I agree with some posters in that you do have too much invested in this relationships too scrap your vows of till death do you part and you should also probably find stuff to do that you like, that doesn't jeopardize your marriage by overly socializing with other people in inappropriate ways but do distract your self with other tings other than your husband comings and goings. 

If you love him and wish to make things work, do that, love him and make things work.

Good luck.


----------



## Deejo (May 20, 2008)

You can press 'Pause' instead of 'Game Over'
It isn't a zero sum game. Certainly doesn't have to be.

Tell him you are leaving. And leave. Whether it's for two weeks, two months - whatever.
People almost always will choose the path of least resistance. He isn't doing anything to improve the circumstances because he doesn't have to, or want to.

You are now faced with the same. If you want change, you will need to make one - and it can't involve him. It needs to be about you - for you. Take the opportunity to shake things up for him, and allow you to get some small experience with 'living your life for you'.


----------



## dobo (Jun 30, 2009)

Those things may not pay the bills, but what does he think about relationships that are running on empty? What fills up their tanks? 

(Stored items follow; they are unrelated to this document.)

(* Let $M=(X,(\leq_k)_{k=1,\dots,n})$ be a multichain with components $C_k=(X,\leq_k)$, let $L:=\prod_{k=1}^n C_k$, let $\delta:X\to L$ be the diagonal map $\delta(x)=(x,\dots,x)$, let $\Delta(L)$ be the join-subsemilattice of $L$ generated by $\delta(X)$, and let $\hat\Delta(L)$ be $\Delta(L)$ with a new least element added. Then the join-semilattice $K(C(M))$ of compact elements of $C(M)$ is isomorphic to $\hat\Delta(L)$ via a join-preserving map.
   Context: A multichain is a set $X$ with finitely many linear orders $\leq_1,\dots,\leq_n$. $C(M)$ is the closure system on $X$ whose closed sets are the sets $\bigcap_{k=1}^n I_k$ with $I_k$ an initial segment of $(X,\leq_k)$, ordered by inclusion; its compact elements are the closures of finite subsets of $X$. $L$ carries the componentwise order. *)

theory Defs
  imports Main
begin

definition linear_order_on_set :: "'a set \<Rightarrow> ('a \<Rightarrow> 'a \<Rightarrow> bool) \<Rightarrow> bool" where
  "linear_order_on_set X r \<longleftrightarrow>
     (\<forall>x\<in>X. r x x) \<and>
     (\<forall>x\<in>X. \<forall>y\<in>X. r x y \<and> r y x \<longrightarrow> x = y) \<and>
     (\<forall>x\<in>X. \<forall>y\<in>X. \<forall>z\<in>X. r x y \<and> r y z \<longrightarrow> r x z) \<and>
     (\<forall>x\<in>X. \<forall>y\<in>X. r x y \<or> r y x)"

definition multichain :: "'a set \<Rightarrow> nat \<Rightarrow> (nat \<Rightarrow> 'a \<Rightarrow> 'a \<Rightarrow> bool) \<Rightarrow> bool" where
  "multichain X n le \<longleftrightarrow> (\<forall>k\<in>{1..n}. linear_order_on_set X (le k))"

definition init_seg :: "'a set \<Rightarrow> ('a \<Rightarrow> 'a \<Rightarrow> bool) \<Rightarrow> 'a set \<Rightarrow> bool" where
  "init_seg X r I \<longleftrightarrow> I \<subseteq> X \<and> (\<forall>x\<in>I. \<forall>y\<in>X. r y x \<longrightarrow> y \<in> I)"

definition closed_sets :: "'a set \<Rightarrow> nat \<Rightarrow> (nat \<Rightarrow> 'a \<Rightarrow> 'a \<Rightarrow> bool) \<Rightarrow> 'a set set" where
  "closed_sets X n le =
     {A. \<exists>I. (\<forall>k\<in>{1..n}. init_seg X (le k) (I k)) \<and> A = (\<Inter>k\<in>{1..n}. I k)}"

definition closure_M :: "'a set \<Rightarrow> nat \<Rightarrow> (nat \<Rightarrow> 'a \<Rightarrow> 'a \<Rightarrow> bool) \<Rightarrow> 'a set \<Rightarrow> 'a set" where
  "closure_M X n le F = \<Inter>{A \<in> closed_sets X n le. F \<subseteq> A}"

For you, you need to talk and share and to have common activities and goals. Since the things that kept you together before are gone (children, business) all you have left is the relationship. While he's probably keen on rebuilding the financial aspect of life, does he not see that he's neglected the one final thing that he may lose? And then what will he have?

A full belly is good. A full belly that's in a body that is loved and shares love with someone else is so much better.

Babies do not thrive when they are not held. All of the food and safety in the world doesn't make up for what they lack in closeness with another human being.


----------



## BunnyPancake (Sep 16, 2009)

I certainly hope you are in a financial position to look after yourself if things don't work out. That for me would be step one.

Make a plan. How would you leave if it came to that? Write all this down, and in the process feel what you would feel. See if you find this even mildly acceptable.

The bottom line is: you deserve to be happy. If he is not providing this - when he is in a position to (with a bit more effort, time what ever it takes) then does he even deserve you? I think not.

Easier said than done I know. In the end. You have one life. No do-overs. Are you prepared to spend the rest of your life feeling like you do now? Only with more frustration as time goes on.

It may take some time to think about these things. But in the end you make the decision - don't just sit idly as life passes you by.


----------